Looking at a recent failure at https://testing.whamcloud.com/test_sets/d3720002-4a27-11ea-b69a-52540065bddc, the actual error is a problem with the input to cat
Registered 1 changelog users: 'cl3' total: 2 create in 0.00 seconds: 1052.66 ops/second cat: -: Invalid argument sanity test_160j: @@@@@@ FAIL: read changelog failed Trace dump: = /usr/lib64/lustre/tests/test-framework.sh:6121:error() = /usr/lib64/lustre/tests/sanity.sh:14350:test_160j()

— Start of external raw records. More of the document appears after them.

lemma deep_point_from_children:
  assumes "0 < m" "length w + Suc m = k" "set w \<subseteq> {0,1,2}" "ord_convex J" "A \<subseteq> J"
    and P: "\<forall>i\<in>{0,1,2}. m + 1 \<le> covering m (w @ [i]) (P i) + (if P i \<in> J \<union> I w then 1 else 0)"
  shows "\<exists>p. Suc m + 1 \<le> covering (Suc m) w p + (if p \<in> J then 1 else 0)"
proof -
  have P_pos: "\<forall>i\<in>{0,1,2}. 0 < covering m (w @ [i]) (P i)"
    using P assms(1) by (fastforce split: if_splits)
  obtain a b c where abc: "{a, b, c} = {0, 1, 2}" "distinct [a, b, c]" "P a \<le> P b" "P b \<le> P c"
    by (rule sort_three)
  have abc_mem: "a \<in> {0,1,2}" "b \<in> {0,1,2}" "c \<in> {0,1,2}"
    using abc(1) by blast+
  define p where "p = P b"
  define Ca Cb Cc where "Ca = covering m (w @ [a]) p" and "Cb = covering m (w @ [b]) p"
    and "Cc = covering m (w @ [c]) p"
  have "0 < Ca \<or> 0 < Cc \<or> p \<in> I w \<and> p \<in> J"
    unfolding Ca_def Cc_def p_def using P_pos abc_mem
    by (intro middle_point_covered[OF assms(2,3,1,4,5) _ _ _ _ abc(3,4)]) auto
  moreover have "m + 1 \<le> Cb + (if p \<in> J \<union> I w then 1 else 0)"
    unfolding Cb_def p_def using P abc_mem by blast
  moreover have "covering (Suc m) w p = (if p \<in> I w then 1 else 0) + Ca + Cb + Cc"
    using abc(2) unfolding covering_Suc Ca_def Cb_def Cc_def abc(1)[symmetric] by (simp add: add.assoc)
  ultimately have "Suc m + 1 \<le> covering (Suc m) w p + (if p \<in> J then 1 else 0)"
    by (cases "p \<in> I w"; cases "p \<in> J") auto
  then show ?thesis ..
qed

lemma exists_deep_point:
  assumes "0 < m" "length w + m = k" "set w \<subseteq> {0,1,2}" "ord_convex J" "A \<subseteq> J" "I w \<inter> J \<noteq> {}"
  shows "\<exists>p. m + 1 \<le> covering m w p + (if p \<in> J then 1 else 0)"
  using assms
proof (induction m arbitrary: w J)
  case (Suc m)
  show ?case
  proof (cases "m = 0")
    case True
    obtain p where "p \<in> I w" "p \<in> J"
      using Suc.prems(6) by blast
    moreover have "{v \<in> subtree (Suc 0) w. p \<in> I v} = {w}"
      using \<open>p \<in> I w\<close> by (auto simp: subtree_Suc)
    ultimately show ?thesis
      using True by (intro exI[of _ p]) (simp add: covering_def)
  next
    case False
    let ?J = "J \<union> I w"
    have w: "w \<in> tern_verts k"
      using Suc.prems(2,3) by (simp add: tern_verts_def)
    have J: "ord_convex ?J"
      using ord_convex_Un[OF Suc.prems(4) ord_convex_interval[OF w]] Suc.prems(6) by (simp add: Int_commute)
    have "\<forall>i\<in>{0,1,2}. \<exists>p. m + 1 \<le> covering m (w @ [i]) p + (if p \<in> ?J then 1 else 0)"
    proof
      fix i :: nat assume i: "i \<in> {0,1,2}"
      have "w @ [i] \<in> tern_verts k"
        using Suc.prems(2,3) False i by (auto simp: tern_verts_def)
      then have overlap: "I (w @ [i]) \<inter> ?J \<noteq> {}"
        using child_overlap[OF i] by blast
      have "0 < m" "length (w @ [i]) + m = k" "set (w @ [i]) \<subseteq> {0,1,2}" "A \<subseteq> ?J"
        using False Suc.prems(2,3,5) i by auto
      then show "\<exists>p. m + 1 \<le> covering m (w @ [i]) p + (if p \<in> ?J then 1 else 0)"
        using Suc.IH J overlap by blast
    qed
    then obtain P where "\<forall>i\<in>{0,1,2}. m + 1 \<le> covering m (w @ [i]) (P i) + (if P i \<in> ?J then 1 else 0)"
      by (rule bchoice[THEN exE])
    then show ?thesis
      using False Suc.prems(2-5) by (intro deep_point_from_children) auto
  qed
qed simp

end

lemma is_path_decomp_bags: "is_path_decomp V E Xs \<Longrightarrow> X \<in> set Xs \<Longrightarrow> X \<subseteq> V"
  unfolding is_path_decomp_def by blast

lemma is_path_decomp_interval:
  "is_path_decomp V E Xs \<Longrightarrow> v \<in> V \<Longrightarrow> i \<le> l \<Longrightarrow> l \<le> j \<Longrightarrow> j < length Xs
    \<Longrightarrow> v \<in> Xs ! i \<Longrightarrow> v \<in> Xs ! j \<Longrightarrow> v \<in> Xs ! l"
  unfolding is_path_decomp_def by blast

The code that is failing in sanity test 160j is
14341 # read changelog 14342 cat <&4 >/dev/null || error "read changelog failed"
Looking at the client1 (vm12) console log, we see
[ 5314.374481] Lustre: DEBUG MARKER: == sanity test 160j: client can be umounted while its chanangelog is being used ===================== 01:24:59 (1581125099) [ 5314.494530] Lustre: DEBUG MARKER: mkdir -p /mnt/lustre2 [ 5314.506580] Lustre: DEBUG MARKER: mount -t lustre -o user_xattr,flock trevis-10vm12@tcp:/lustre /mnt/lustre2 [ 5314.555637] Lustre: Mounted lustre-client [ 5315.555507] Lustre: 10940:0:(llog_cat.c:808:llog_cat_process_common()) lustre-MDT0000-mdc-c0000000b5687800: invalid record in catalog [0x5:0x0:0xa]:0: rc = -22 [ 5315.555690] LustreError: 10940:0:(mdc_changelog.c:295:chlg_load()) lustre-MDT0000-mdc-c0000000b5687800: fail to process llog: rc = -22 [ 5315.600825] Lustre: Unmounted lustre-client [ 5315.777197] Lustre: DEBUG MARKER: /usr/sbin/lctl mark sanity test_160j: @@@@@@ FAIL: read changelog failed
sanity test 160j started failing for PPC clients as soon as it was first introduced/landed on 27 SEPT 2019.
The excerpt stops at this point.